There is a single global hierarchy: feedforward inputs and feedback filters pass through the same levels of search and composition. Each higher level is a nested hierarchy, with depth proportional to elevation, but sub-hierarchies are unfolded sequentially. That’s why I don’t have many diagrams: they are good at showing relations in 2D, but I have a simple 1D sequence of levels. Nested sub-hierarchies are generated by the process itself, depending on elevation in a higher-order hierarchy. That means I can’t show them in a generic diagram.

Brain-inspired schemes have separate sensory and motor hierarchies, in mine they combined into one. The equivalent of motor patterns in my scheme are positional filter patterns, which ultimately move the sensor. The first level is co-located sensors: targets of input filters, and more coarse actuators: targets of positional filters. I can think of two reasons they are separated in the brain: neurons and axons are unidirectional, and training process has to take the whole hierarchy off-line. Neither constraint applies to my scheme.

Final algorithm will consist of first-level operations + recursive increment in operations per level. The latter is a meta-algorithm that extends working level-algorithm, to handle derivatives added to current inputs. So, the levels are: 1st level: G(x), 2nd level: F(G)(x), 3rd level: F(F(G))(x).., where F() is the recursive code increment. Resulting hierarchy is a pipeline: patterns are outputted to the next level, forming a new level if there is none. As long as there are novel inputs, higher levels will discover longer-range spatio-temporal and then conceptual patterns.

Please see system diagram.

Some notes:

  • There should be a unique set of operations added per level, hence a singular in “cognitive algorithm”.
  • Core design must be done theoretically: generality requires large upfront investment in process complexity, which makes it a huge overkill for any specific task. That’s one reason why such schemes are not explored.
  • Many readers note disconnect between abstractions in this outline, and the amount of detail in current code. That’s because we are in space-time continuum: search must follow proximity in each dimension, which requires specific processing. It’s not specific to vision, the process is mostly the same for all raw modalities.
  • Another complaint is that I don't use mathematical notation, but it simply doesn't have the flexibility to express deeply conditional process, with recursively increasing complexity.
  • Most people who aspire to work on AGI think in terms behavior and robotics. I think this is far too coarse to make progress, the most significant mechanisms are on the level of perception. Feedforward (perception) must drive feedback (action), not the other way around.
  • Other distractions are supervision and reinforcement. These are optional task-specific add-ons, core cognitive process is unsupervised pattern discovery, and main problem here is scaling in complexity.
  • Don’t even start me on chatbots.

Comparison to Artificial and Biological Neural Networks

All unsupervised learning is some form of pattern discovery, where patterns are some kind of similarity clusters. There are two fundamentally different ways to cluster inputs: centroid-based and connectivity-based. All statistical learning, including Neural Nets, is best understood as centroid-based clustering. Centroid doesn’t have to be a single value, fitted line in linear regression can be considered a one-dimensional centroid.
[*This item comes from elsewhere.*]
(* For any finite alphabet $\mathfrak{G}$, the set of co-irreducible elements of the $\mathfrak{G}$-prefix poset is the set of all stringy $\mathfrak{G}$-trees. Moreover, the number of such elements of degree $d\geq 1$ is $\mathcal{R}_\mathfrak{G}(1)\,\mathcal{R}'_\mathfrak{G}(1)^{d-1}$, that is $(\#\mathfrak{G})\,\big(\sum_{\mathtt{a}\in\mathfrak{G}}|\mathtt{a}|\big)^{d-1}$.
   Context: $\mathfrak{G}$ is a finite alphabet (letters with arities $|\mathtt{a}|\geq 1$), and $\mathcal{R}_\mathfrak{G}(t) = \sum_{\mathtt{a}\in\mathfrak{G}} t^{|\mathtt{a}|}$ with derivative $\mathcal{R}'_\mathfrak{G}$. A $\mathfrak{G}$-tree is either the leaf (the tree with no internal node) or a root decorated by a letter $\mathtt{a}\in\mathfrak{G}$ with $|\mathtt{a}|$ children that are $\mathfrak{G}$-trees; its degree is its number of internal nodes. The $\mathfrak{G}$-prefix poset is the set of $\mathfrak{G}$-trees ordered by $\mathfrak{s}\preceq\mathfrak{t}$ iff $\mathfrak{t}$ is obtained by grafting some $\mathfrak{G}$-trees onto the leaves of $\mathfrak{s}$; its covering relation consists in replacing a leaf by an internal node all of whose children are leaves. A tree is co-irreducible if it covers at most one element. A $\mathfrak{G}$-tree is stringy if each of its internal nodes has at most one child that is an internal node. *)

theory Defs
  imports Main
begin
That usually means training CNN or Transformer to perform some sort of edge-detection or cross-correlation (same as my cross-comparison but the former terms lose meaning on higher levels of search). But CNN operations are initially random, while my process is designed for cross-comp from the start. This is why it can be refined by my feedback, updating the filters, which is far more subtle and selective than weight training by backprop. So, I have several problems with basic process in ANN:

  • Vertical learning (via feedback of error) takes tens of thousands of cycles to form accurate representations. That's because summation per layer degrades positional input resolution. With each added layer, the output that ultimately drives learning contains exponentially smaller fraction of original information. My cross-comp and clustering is far more complex per level, but the output contains all information of the input. Lossy selection is only done on the next level, after evaluation per pattern (vs. before evaluation in statistical methods).
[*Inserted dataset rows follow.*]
text \<open>Pointwise almost everywhere, \<open>f b\<close> lies between \<open>f x\<close> and \<open>f y\<close>, and \<open>f b'\<close> between
  \<open>f y\<close> and \<open>f x\<close>; so \<open>f x - f b\<close> and \<open>f y - f b'\<close> have opposite signs.\<close>

lemma L1_isometry_opposite_increments:
  assumes iso: "L1_isometry M X f" and X: "x \<in> X" "y \<in> X" "b \<in> X" "b' \<in> X"
    and "x \<noteq> b" "y \<noteq> b'" and "metric_between x b y" "metric_between y b' x"
  shows "(\<integral>t. \<bar>(f x t - f b t) / dist x b - (f y t - f b' t) / dist y b'\<bar> \<partial>M) = 2"
proof -
  have [measurable]: "f x \<in> borel_measurable M" "f y \<in> borel_measurable M"
    "f b \<in> borel_measurable M" "f b' \<in> borel_measurable M"
    using iso X unfolding L1_isometry_def by auto
  have opposite: "AE t in M. (f x t - f b t) * (f y t - f b' t) \<le> 0"
    using L1_isometry_between_AE[OF iso X(1,3,2) \<open>metric_between x b y\<close>]
      L1_isometry_between_AE[OF iso X(2,4,1) \<open>metric_between y b' x\<close>]
    by eventually_elim (smt (verit) mult_le_0_iff zero_le_mult_iff)
  have pos: "dist x b * dist y b' > 0" using \<open>x \<noteq> b\<close> \<open>y \<noteq> b'\<close> by simp
  have "AE t in M. (f x t - f b t) / dist x b * ((f y t - f b' t) / dist y b') \<le> 0"
    using opposite
  proof eventually_elim
    case (elim t)
    then show ?case using pos by (simp add: times_divide_times_eq divide_nonpos_pos)
  qed
  then have "AE t in M. \<bar>(f x t - f b t) / dist x b - (f y t - f b' t) / dist y b'\<bar> =
      \<bar>(f x t - f b t) / dist x b\<bar> + \<bar>(f y t - f b' t) / dist y b'\<bar>"
    by eventually_elim (rule abs_diff_eq_add_abs_if_mult_nonpos)
  then have "(\<integral>t. \<bar>(f x t - f b t) / dist x b - (f y t - f b' t) / dist y b'\<bar> \<partial>M) =
      (\<integral>t. \<bar>(f x t - f b t) / dist x b\<bar> + \<bar>(f y t - f b' t) / dist y b'\<bar> \<partial>M)"
    by (intro integral_cong_AE; (measurable | fact))
  also have "\<dots> = 2"
    using iso X L1_isometry_normalized_increment[OF iso] \<open>x \<noteq> b\<close> \<open>y \<noteq> b'\<close>
    unfolding L1_isometry_def by simp
  finally show ?thesis .
qed

lemma AE_lin_comb_normalized_increment:
  assumes "AE t in M. f x t = lin_comb g I c t" "AE t in M. f b t = lin_comb g I c' t"
  shows "AE t in M. lin_comb g I (\<lambda>i. (c - c') i / dist x b) t = (f x t - f b t) / dist x b"
  using assms by eventually_elim (simp only: lin_comb_divide lin_comb_diff)

text \<open>The witnesses are the coefficient vectors of the normalised increments
  \<open>(f x - f (bf x)) / dist x (bf x)\<close> from each leaf \<open>x\<close> to its branch point \<open>bf x\<close>.\<close>

lemma L1_isometry_leaves_separated_coeffs:
  fixes f :: "'a::metric_space \<Rightarrow> 'b \<Rightarrow> real" and g :: "'i \<Rightarrow> 'b \<Rightarrow> real"
  assumes T: "R_tree X" and iso: "L1_isometry M X f" and ig: "\<forall>i\<in>I. integrable M (g i)"
    and span: "\<forall>x\<in>X. \<exists>c. AE t in M. f x t = lin_comb g I c t"
    and F: "finite F" "F \<subseteq> Collect (leaf X)" "2 \<le> card F"
  obtains cf where "inj_on cf F" "\<forall>x\<in>F. comb_norm M g I (cf x) = 1"
    "\<forall>x\<in>F. \<forall>y\<in>F. x \<noteq> y \<longrightarrow> comb_norm M g I (cf x - cf y) = 2"
proof -
  have FX: "F \<subseteq> X" using F(2) unfolding leaf_def by blast
  obtain cx where cx: "\<forall>x\<in>X. AE t in M. f x t = lin_comb g I (cx x) t"
    using span by (rule bchoice[THEN exE])
  obtain bf where bf: "\<forall>x\<in>F. bf x \<in> X \<and> bf x \<noteq> x \<and> (\<forall>z\<in>F - {x}. metric_between x (bf x) z)"
    by (rule R_tree_leaves_branch_map[OF T F])
  then have branch: "x \<in> X" "bf x \<in> X" "x \<noteq> bf x" if "x \<in> F" for x
    using that FX by auto
  define u where "u x t = (f x t - f (bf x) t) / dist x (bf x)" for x t
  define cf where "cf x = (\<lambda>i. (cx x - cx (bf x)) i / dist x (bf x))" for x
  have u_measurable: "u x \<in> borel_measurable M" if "x \<in> F" for x
    unfolding u_def by measurable (use iso branch[OF that] in \<open>auto simp: L1_isometry_def\<close>)
  have lin_comb_u: "AE t in M. lin_comb g I (cf x) t = u x t" if "x \<in> F" for x
    unfolding cf_def u_def using cx branch[OF that] by (intro AE_lin_comb_normalized_increment) auto
  have unit: "comb_norm M g I (cf x) = 1" if x: "x \<in> F" for x
  proof -
    have "comb_norm M g I (cf x) = (\<integral>t. \<bar>u x t\<bar> \<partial>M)"
      using ig u_measurable[OF x] lin_comb_u[OF x] by (rule comb_norm_eq_integral_if_AE)
    also have "\<dots> = 1"
      unfolding u_def using L1_isometry_normalized_increment[OF iso branch[OF x]] .
    finally show ?thesis .
  qed
  have separated: "comb_norm M g I (cf x - cf y) = 2" if xy: "x \<in> F" "y \<in> F" "x \<noteq> y" for x y
  proof -
    have "metric_between x (bf x) y" "metric_between y (bf y) x" using bf xy by auto
    then have "(\<integral>t. \<bar>u x t - u y t\<bar> \<partial>M) = 2" unfolding u_def
      by (rule L1_isometry_opposite_increments[OF iso branch(1)[OF xy(1)] branch(1)[OF xy(2)]
          branch(2)[OF xy(1)] branch(2)[OF xy(2)] branch(3)[OF xy(1)] branch(3)[OF xy(2)]])
    then show ?thesis
      using comb_norm_diff_eq_integral_if_AE[OF ig u_measurable u_measurable lin_comb_u lin_comb_u] xy
      by simp
  qed
  have "inj_on cf F"
  proof (rule inj_onI, rule ccontr)
    fix x y assume "x \<in> F" "y \<in> F" "cf x = cf y" "x \<noteq> y"
    then show False using separated[of x y] unfolding comb_norm_def lin_comb_def by simp
  qed
  then show ?thesis using that unit separated by blast
qed

lemma L1_isometry_finite_dim_imp_finite_leaves:
  fixes f :: "'a::metric_space \<Rightarrow> 'b \<Rightarrow> real" and g :: "'i \<Rightarrow> 'b \<Rightarrow> real"
  assumes T: "R_tree X" and iso: "L1_isometry M X f"
    and fin: "finite I" and ig: "\<forall>i\<in>I. integrable M (g i)"
    and indep: "ae_independent M g I"
    and span: "\<forall>x\<in>X. \<exists>c. AE t in M. f x t = lin_comb g I c t"
  shows "finite (Collect (leaf X))"
proof (rule ccontr)
  assume "infinite (Collect (leaf X))"
  obtain K where K: "\<forall>V. (\<forall>c\<in>V. comb_norm M g I c \<le> 1) \<longrightarrow>
      (\<forall>c\<in>V. \<forall>d\<in>V. c \<noteq> d \<longrightarrow> 1 \<le> comb_norm M g I (c - d)) \<longrightarrow> card V \<le> K"
    by (rule comb_norm_separated_card_le[OF fin ig indep])
  obtain F where F: "finite F" "card F = K + 2" "F \<subseteq> Collect (leaf X)"
    using infinite_arbitrarily_large[OF \<open>infinite (Collect (leaf X))\<close>] by blast
  have "2 \<le> card F" using F(2) by simp
  then obtain cf where cf: "inj_on cf F" "\<forall>x\<in>F. comb_norm M g I (cf x) = 1"
    "\<forall>x\<in>F. \<forall>y\<in>F. x \<noteq> y \<longrightarrow> comb_norm M g I (cf x - cf y) = 2"
    by (rule L1_isometry_leaves_separated_coeffs[OF T iso ig span F(1,3)])
  have "\<forall>c\<in>cf ` F. comb_norm M g I c \<le> 1" using cf(2) by simp
  moreover have "\<forall>c\<in>cf ` F. \<forall>d\<in>cf ` F. c \<noteq> d \<longrightarrow> 1 \<le> comb_norm M g I (c - d)"
  proof (intro ballI impI)
    fix c d assume "c \<in> cf ` F" "d \<in> cf ` F" "c \<noteq> d"
    then obtain x y where "x \<in> F" "y \<in> F" "x \<noteq> y" "c = cf x" "d = cf y" by blast
    then show "1 \<le> comb_norm M g I (c - d)" using cf(3) by simp
  qed
  ultimately have "card (cf ` F) \<le> K" using K[rule_format, of "cf ` F"] by blast
  then show False using F(2) card_image[OF cf(1)] by simp
qed

theorem proposition3p6:
  fixes X :: "'a::metric_space set" and M :: "'b measure"
  assumes "compact X" and "R_tree X" and "hausdorff1 (skeleton X) = \<infinity>"
  shows "\<not> (\<exists>(f :: 'a \<Rightarrow> 'b \<Rightarrow> real) (g :: nat \<Rightarrow> 'b \<Rightarrow> real) (n :: nat).
            (\<forall>i<n. integrable M (g i)) \<and>
            (\<forall>x\<in>X. integrable M (f x) \<and>
                     (\<exists>c :: nat \<Rightarrow> real. AE t in M. f x t = (\<Sum>i<n. c i * g i t))) \<and>
            (\<forall>x\<in>X. \<forall>y\<in>X. dist x y = (\<integral>t. \<bar>f x t - f y t\<bar> \<partial>M)))"
proof (intro notI, elim exE conjE)
  fix f :: "'a \<Rightarrow> 'b \<Rightarrow> real" and g :: "nat \<Rightarrow> 'b \<Rightarrow> real" and n
  assume g: "\<forall>i<n. integrable M (g i)"
    and f: "\<forall>x\<in>X. integrable M (f x) \<and> (\<exists>c. AE t in M. f x t = (\<Sum>i<n. c i * g i t))"
    and isometric: "\<forall>x\<in>X. \<forall>y\<in>X. dist x y = (\<integral>t. \<bar>f x t - f y t\<bar> \<partial>M)"
  have iso: "L1_isometry M X f" using f isometric unfolding L1_isometry_def by blast
  have span: "\<forall>x\<in>X. \<exists>c. AE t in M. f x t = lin_comb g {..<n} c t"
    using f unfolding lin_comb_def by blast
  obtain I where I: "I \<subseteq> {..<n}" "\<forall>x\<in>X. \<exists>c. AE t in M. f x t = lin_comb g I c t"
    "ae_independent M g I"
    by (rule ex_independent_spanning_subset[OF finite_lessThan span])
  have "finite I" "\<forall>i\<in>I. integrable M (g i)" using I(1) g finite_subset by auto
  then have "finite (Collect (leaf X))"
    using L1_isometry_finite_dim_imp_finite_leaves[OF assms(2) iso _ _ I(3,2)] by blast
  then have "hausdorff1 (skeleton X) \<noteq> \<infinity>"
    by (rule R_tree_hausdorff1_skeleton_finite[OF assms(1,2)])
  then show False using assms(3) by simp
qed

end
  • Both initial weights and sampling that feeds SGD (Stochastic Gradient Descent) are randomized. Also driven by random variation are RBMs, GANs, VAEs, etc. But randomization is antithetical to intelligence, it's only useful in statistical methods because they merge inputs with weights irreversibly. Thus, any non-random initialization and variation will introduce bias. All input modification in my scheme is via hyper-parameters, stored separately and then used to normalize (remove bias) inputs for comparison to inputs formed with different-value hyper-parameters.

  • SGD minimizes error (top-layer miss), which is quantitatively different from maximizing match: compression. And that error is w.r.t. some specific template, while my match is summed over all past input / experience. The “error” here is plural: lateral misses (differences, ratios, etc.), computed by cross-comparison within a level. All inputs represent environment and have positive value. But then they are packed (compressed) into patterns, which have different range and precision, thus different relative value per relatively fixed record cost.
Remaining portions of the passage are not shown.